What kind of hypothetical non-technical concerns that are part of managment's prioritization decisions would become a problem?

Because, as far as I can see, in such a case, it wouldn't matter if the devs are not aware of the non-technical concerns because those concerns would still be reflected by the prioritization.

If all three of your assumptions are true, then you're correct. The trick is getting the second two assumptions to be true. Management and devs have to agree on a % time split, and management has to agree with intermingled priorities instead of "dev % goes at the end".

Negotiating those agreements is where having a common ground on business concerns helps. And yes, it sure does help when the managers can also see things from the dev's point of view too. In my experience, it's easier for devs to understand business concerns than the other way around, so that's the way I lean.

Yes. This sort of cost-benefit analysis also ignores some intangibles such as:

"When we're interviewing people and they find out just how backwards our CI system is, the smart ones will laugh at us and work somewhere else and we'll be left with just the dumb ones."

As @DougWebb said, immediate cost saved is the easiest way to sell CI, especially if the savings are large.

He didn't say it was the only way. Nor that you can't add more arguments if cost savings alone isn't convincing enough.

CI's cost savings will not be immediate, large or easy to measure. That's why creating this "sales process" to make them happen is such a toxic mistake.

I worked somewhere once that forced me to spend political capital to make these kinds of things happen and it was a terrible waste.

Nobody notices the disasters that don't happen and when somebody is 2x faster and develops code with fewer bugs, that tends to reflect well upon them even if they were building upon your work.

> Who the fuck writes a fully costed business case on whether or not to spend a day setting up a CI server?

A lesson I learned the hard way is that if the business doesn't care then neither should you, It's just not worth fighting uphill battles like this. The only way to measure what a business cares about (distinct from what they say they care about) is by looking at what they're willing to spend money on.

If building software is annoying for you personally then you can automate much of it, maybe even setup a CI server on you're own machine.

>A lesson I learned the hard way is that if the business doesn't care then neither should you, It's just not worth fighting uphill battles like this.

Absolutely. I used to work for a company where the battles were uphill and constant. I quit and now work for a company with no battles.
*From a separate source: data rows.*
(* Put y = kappa^2 x.  The perturbed coefficients a + b + e gamma and a - b - e beta are at most
   M = C2 + C3 e, so after clearing the positive denominator Q.y <= Lam y follows from
     M e (Lam y^2 + 1) <= y (Lam - 1 - C3 e^2 (Lam + 1)),
   and since Lam - 1 >= 2 C0 lam this is implied by rho y^2 - mu y + rho <= 0 with
   rho = Lam M e / lam -> 0 and mu = 2 C0 - O(e^2 / lam) -> 2 C0; here e / lam -> 0 is essential.
   That quadratic is nonpositive between its roots 2 rho / s and s / (2 rho), s = mu + sqrt (mu^2 - 4 rho^2),
   and kappa^2 lies in [exp (-2 C0), exp (2 C0)], so shrinking the root interval by these factors gives
   the window [xm, xp]; its asymptotics follow from lam rho / e -> C2 and s -> 4 C0. *)

lemma abs_entry_le_mnorm: "\<bar>A $ i $ j\<bar> \<le> mnorm A"
proof -
  have "\<bar>A $ i $ j\<bar> = \<bar>(A *v axis j 1) $ i\<bar>"
    by (simp add: matrix_vector_mult_basis column_def)
  also have "\<dots> \<le> norm (A *v axis j 1)"
    by (rule component_le_norm_cart)
  also have "\<dots> \<le> onorm (\<lambda>v. A *v v) * norm (axis j (1::real))"
    by (rule onorm) simp
  finally show ?thesis
    by (simp add: mnorm_def)
qed

lemma abs_mat2_entries_le_mnorm:
  "\<bar>p\<bar> \<le> mnorm (mat2 p q r s)" "\<bar>q\<bar> \<le> mnorm (mat2 p q r s)"
  "\<bar>r\<bar> \<le> mnorm (mat2 p q r s)" "\<bar>s\<bar> \<le> mnorm (mat2 p q r s)"
  using abs_entry_le_mnorm[of "mat2 p q r s" 1 1] abs_entry_le_mnorm[of "mat2 p q r s" 1 2]
    abs_entry_le_mnorm[of "mat2 p q r s" 2 1] abs_entry_le_mnorm[of "mat2 p q r s" 2 2]
  by (simp_all add: mat2_def)

lemma ratio_tendsto_0_of_ln_ratio:
  fixes lam :: "real \<Rightarrow> real"
  assumes lam_pos: "\<forall>\<^sub>F e in at_right 0. lam e > 0"
    and ln_ratio: "((\<lambda>e. ln (lam e) / ln e) \<longlongrightarrow> c) (at_right 0)" and "c < 1"
  shows "((\<lambda>e. e / lam e) \<longlongrightarrow> 0) (at_right 0)"
proof -
  have "((\<lambda>e. 1 - ln (lam e) / ln e) \<longlongrightarrow> 1 - c) (at_right 0)"
    by (intro tendsto_intros ln_ratio)
  then have "LIM e at_right 0. (1 - ln (lam e) / ln e) * ln e :> at_bot"
    using \<open>c < 1\<close> by (intro filterlim_tendsto_pos_mult_at_bot[OF _ _ ln_at_0]) auto
  then have "((\<lambda>e. exp ((1 - ln (lam e) / ln e) * ln e)) \<longlongrightarrow> 0) (at_right 0)"
    by (rule filterlim_compose[OF exp_at_bot])
  moreover have "\<forall>\<^sub>F e in at_right 0. exp ((1 - ln (lam e) / ln e) * ln e) = e / lam e"
    using lam_pos eventually_at_right_less[of 0] order_tendstoD(2)[OF tendsto_ident_at zero_less_one]
  proof eventually_elim
    case (elim e)
    then have "(1 - ln (lam e) / ln e) * ln e = ln e - ln (lam e)"
      by (simp add: field_simps)
    with elim show ?case
      by (simp add: exp_diff)
  qed
  ultimately show ?thesis
    by (rule Lim_transform_eventually)
qed

lemma mobius_le_ereal_mult:
  assumes "r * y + s > 0" and "p * y + q \<le> L * y * (r * y + s)"
  shows "mobius p q r s y \<le> ereal (L * y)"
  using assms by (simp add: mobius_def pos_divide_le_eq)

lemma Qact_le_mult:
  fixes e L M C3 y :: real
  assumes "e \<ge> 0" "L \<ge> 0" "y > 0"
    and "a + b + e * ga \<le> M" "a - b - e * be \<le> M" "\<bar>al\<bar> \<le> C3" "\<bar>de\<bar> \<le> C3"
    and numerator: "M * e * (L * y^2 + 1) \<le> y * (L - 1 - C3 * e^2 * (L + 1))"
    and denominator: "M * e * y + C3 * e^2 < 1"
  shows "Qact a b al be ga de e y \<le> ereal (L * y)"
  unfolding Qact_def
proof (rule mobius_le_ereal_mult)
  have "(a + b + e * ga) * e * y \<le> M * e * y"
    using assms by (intro mult_right_mono) auto
  moreover have "e^2 * (- de) \<le> e^2 * C3"
    using assms by (intro mult_left_mono) auto
  ultimately show "- ((a + b + e * ga) * e) * y + (1 + e^2 * de) > 0"
    using denominator by (simp add: algebra_simps)
  have "L * (- de) \<le> L * C3"
    using assms by (intro mult_left_mono) auto
  then have "- C3 * (L + 1) \<le> L * de - al"
    using assms by (simp add: abs_le_iff algebra_simps)
  then have "y * e^2 * (- C3 * (L + 1)) \<le> y * e^2 * (L * de - al)"
    using assms by (intro mult_left_mono) auto
  moreover have "L * (a + b + e * ga) * e * y^2 \<le> L * M * e * y^2" "(a - b - e * be) * e \<le> M * e"
    using assms by (auto intro!: mult_right_mono mult_left_mono)
  ultimately show "(1 + e^2 * al) * y + (a - b - e * be) * e
      \<le> L * y * (- ((a + b + e * ga) * e) * y + (1 + e^2 * de))"
    using numerator by (simp add: algebra_simps power2_eq_square)
qed

lemma quadratic_le_0_between_roots:
  fixes rho mu y :: real
  assumes "rho > 0" and disc: "4 * rho^2 \<le> mu^2"
    and s: "s = mu + sqrt (mu^2 - 4 * rho^2)"
    and between: "2 * rho / s \<le> y" "y \<le> s / (2 * rho)"
  shows "rho * y^2 - mu * y + rho \<le> 0"
proof -
  have "s^2 + 4 * rho^2 = 2 * mu * s"
    using disc by (simp add: s power2_eq_square algebra_simps)
  moreover have "s \<noteq> 0"
    using calculation \<open>rho > 0\<close> by auto
  ultimately have "s / 2 + 2 * rho^2 / s = mu"
    by (simp add: field_simps power2_eq_square)
  moreover have "rho * (y - s / (2 * rho)) * (y - 2 * rho / s)
      = rho * y^2 - (s / 2 + 2 * rho^2 / s) * y + rho"
    using \<open>s \<noteq> 0\<close> \<open>rho > 0\<close> by (simp add: field_simps power2_eq_square)
  ultimately have "rho * y^2 - mu * y + rho = rho * (y - s / (2 * rho)) * (y - 2 * rho / s)"
    by simp
  also have "\<dots> \<le> 0"
    using \<open>rho > 0\<close> between by (intro mult_nonpos_nonneg mult_nonneg_nonpos) auto
  finally show ?thesis .
qed

lemma power2_bounds_of_abs_ln_le:
  fixes k C :: real
  assumes "k > 0" "\<bar>ln k\<bar> \<le> C"
  shows "exp (- 2 * C) \<le> k^2" "k^2 \<le> exp (2 * C)"
proof -
  have "k^2 = exp (2 * ln k)"
    using \<open>k > 0\<close> by (simp add: exp_double)
  then show "exp (- 2 * C) \<le> k^2" "k^2 \<le> exp (2 * C)"
    using assms by (simp_all add: abs_le_iff)
qed

locale Qact_window =
  fixes C0 C2 C3 :: real and lam :: "real \<Rightarrow> real"
  assumes C0_pos: "C0 > 0" and C2_pos: "C2 > 0" and C3_pos: "C3 > 0"
    and lam_pos: "\<And>e. e > 0 \<Longrightarrow> lam e > 0"
    and lam_tendsto: "(lam \<longlongrightarrow> 0) (at_right 0)"
    and ratio_tendsto: "((\<lambda>e. e / lam e) \<longlongrightarrow> 0) (at_right 0)"
begin

definition Lam :: "real \<Rightarrow> real" where
  "Lam e = exp (2 * C0 * lam e)"

definition M :: "real \<Rightarrow> real" where
  "M e = C2 + C3 * e"

definition rho :: "real \<Rightarrow> real" where
  "rho e = Lam e * M e * (e / lam e)"

definition mu :: "real \<Rightarrow> real" where
  "mu e = 2 * C0 - C3 * e * (e / lam e) * (Lam e + 1)"

definition s :: "real \<Rightarrow> real" where
  "s e = mu e + sqrt (mu e^2 - 4 * rho e^2)"

definition xm :: "real \<Rightarrow> real" where
  "xm e = exp (2 * C0) * (2 * rho e / s e)"

definition xp :: "real \<Rightarrow> real" where
  "xp e = exp (- 2 * C0) * (s e / (2 * rho e))"

definition admissible :: "real \<Rightarrow> bool" where
  "admissible e \<longleftrightarrow> 0 < e \<and> e \<le> 1 \<and> 4 * rho e^2 \<le> mu e^2 \<and> 0 < s e
     \<and> C3 * e^2 + lam e * s e / 2 < 1 \<and> exp (2 * C0) * (2 * rho e) < s e"

lemma Lam_ge_one_plus: "Lam e \<ge> 1 + 2 * C0 * lam e"
  unfolding Lam_def by (rule exp_ge_add_one_self)

lemma rho_pos: "e > 0 \<Longrightarrow> rho e > 0"
  using lam_pos[of e] C2_pos C3_pos
  by (auto simp: rho_def Lam_def M_def intro!: mult_pos_pos add_pos_pos divide_pos_pos)

lemma Lam_tendsto: "(Lam \<longlongrightarrow> 1) (at_right 0)"
proof -
  have "((\<lambda>e. exp (2 * C0 * lam e)) \<longlongrightarrow> exp (2 * C0 * 0)) (at_right 0)"
    by (intro tendsto_intros lam_tendsto)
  then show ?thesis
    by (simp add: Lam_def[abs_def])
qed

lemma M_tendsto: "(M \<longlongrightarrow> C2) (at_right 0)"
proof -
  have "((\<lambda>e. C2 + C3 * e) \<longlongrightarrow> C2 + C3 * 0) (at_right 0)"
    by (intro tendsto_intros)
  then show ?thesis
    by (simp add: M_def[abs_def])
qed

lemma rho_tendsto: "(rho \<longlongrightarrow> 0) (at_right 0)"
  using tendsto_mult[OF tendsto_mult[OF Lam_tendsto M_tendsto] ratio_tendsto]
  by (simp add: rho_def[abs_def])

lemma mu_tendsto: "(mu \<longlongrightarrow> 2 * C0) (at_right 0)"
proof -
  have "((\<lambda>e. 2 * C0 - C3 * e * (e / lam e) * (Lam e + 1)) \<longlongrightarrow> 2 * C0 - C3 * 0 * 0 * (1 + 1))
      (at_right 0)"
    by (intro tendsto_intros Lam_tendsto ratio_tendsto)
  then show ?thesis
    by (simp add: mu_def[abs_def])
qed

lemma discriminant_tendsto: "((\<lambda>e. mu e^2 - 4 * rho e^2) \<longlongrightarrow> (2 * C0)^2) (at_right 0)"
  using tendsto_diff[OF tendsto_power[OF mu_tendsto] tendsto_mult[OF tendsto_const
      tendsto_power[OF rho_tendsto]], of 2 4 2] by simp

lemma s_tendsto: "(s \<longlongrightarrow> 4 * C0) (at_right 0)"
proof -
  have "(s \<longlongrightarrow> 2 * C0 + sqrt ((2 * C0)^2)) (at_right 0)"
    unfolding s_def[abs_def] by (intro tendsto_intros mu_tendsto discriminant_tendsto)
  also have "2 * C0 + sqrt ((2 * C0)^2) = 4 * C0"
    using C0_pos by (simp only: real_sqrt_abs)
  finally show ?thesis .
qed

lemma eventually_admissible: "\<forall>\<^sub>F e in at_right 0. admissible e"
proof -
  have "((\<lambda>e. C3 * e^2 + lam e * s e / 2) \<longlongrightarrow> C3 * 0^2 + 0 * (4 * C0) / 2) (at_right 0)"
    by (intro tendsto_intros lam_tendsto s_tendsto) simp
  from order_tendstoD(2)[OF this, of 1]
  have small: "\<forall>\<^sub>F e in at_right 0. C3 * e^2 + lam e * s e / 2 < 1"
    by simp
  have "((\<lambda>e. s e - exp (2 * C0) * (2 * rho e)) \<longlongrightarrow> 4 * C0 - exp (2 * C0) * (2 * 0)) (at_right 0)"
    by (intro tendsto_intros s_tendsto rho_tendsto)
  then have order: "\<forall>\<^sub>F e in at_right 0. exp (2 * C0) * (2 * rho e) < s e"
    using C0_pos by (auto dest: order_tendstoD(1)[where a = 0])
  have disc: "\<forall>\<^sub>F e in at_right 0. 4 * rho e^2 \<le> mu e^2"
    using order_tendstoD(1)[OF discriminant_tendsto, of 0] C0_pos
    by (auto elim: eventually_mono)
  have s_pos: "\<forall>\<^sub>F e in at_right 0. 0 < s e"
    using order_tendstoD(1)[OF s_tendsto, of 0] C0_pos by simp
  show ?thesis
    using eventually_at_right_less[of 0] order_tendstoD(2)[OF tendsto_ident_at zero_less_one]
      disc s_pos small order
    unfolding admissible_def by eventually_elim auto
qed

lemma admissible_imp_xm_pos_less_xp:
  assumes "admissible e"
  shows "0 < xm e" "xm e < xp e"
proof -
  define u where "u = exp (2 * C0) * (2 * rho e) / s e"
  have "0 < u" "u < 1"
    using assms rho_pos by (auto simp: admissible_def u_def)
  moreover have "u * u < 1 * 1"
    using \<open>0 < u\<close> \<open>u < 1\<close> by (intro mult_strict_mono) auto
  moreover have "xm e = u" "xp e = 1 / u"
    by (simp_all add: u_def xm_def xp_def exp_minus field_simps)
  ultimately show "0 < xm e" "xm e < xp e"
    by (simp_all add: less_divide_eq)
qed

lemma Dact_in_root_interval:
  assumes "admissible e" and "k > 0" "\<bar>ln k\<bar> \<le> C0" and "xm e \<le> x" "x \<le> xp e"
  shows "2 * rho e / s e \<le> Dact k x" "Dact k x \<le> s e / (2 * rho e)"
proof -
  note k = power2_bounds_of_abs_ln_le[OF \<open>k > 0\<close> \<open>\<bar>ln k\<bar> \<le> C0\<close>]
  have "0 < xm e" "xm e < xp e"
    using admissible_imp_xm_pos_less_xp[OF \<open>admissible e\<close>] by auto
  have "2 * rho e / s e = exp (- 2 * C0) * xm e"
    by (simp add: xm_def exp_minus field_simps)
  also have "\<dots> \<le> k^2 * xm e"
    using k \<open>0 < xm e\<close> by (intro mult_right_mono) auto
  also have "\<dots> \<le> k^2 * x"
    using \<open>xm e \<le> x\<close> by (intro mult_left_mono) auto
  finally show "2 * rho e / s e \<le> Dact k x"
    by (simp add: Dact_def)
  have "k^2 * x \<le> k^2 * xp e"
    using \<open>x \<le> xp e\<close> by (intro mult_left_mono) auto
  also have "\<dots> \<le> exp (2 * C0) * xp e"
    using k \<open>0 < xm e\<close> \<open>xm e < xp e\<close> by (intro mult_right_mono) auto
  also have "\<dots> = s e / (2 * rho e)"
    by (simp add: xp_def exp_minus field_simps)
  finally show "Dact k x \<le> s e / (2 * rho e)"
    by (simp add: Dact_def)
qed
One had bad financials and the other has very good financials.

The first company did teach me how to deal with very extreme technical debt, though (they'd been digging their hole for a while), which actually is a useful thing to know.

>If building software is annoying for you personally then you can automate much of it, maybe even setup a CI server on you're own machine.

The solution is GTFO.

Agree completely, just note that you can only pull the GTFO card a couple of times in a row, then it hurts your ability to pay rent, no matter how true.

It's a trap actually, sometimes it's the shit companies like this that are the only ones hiring.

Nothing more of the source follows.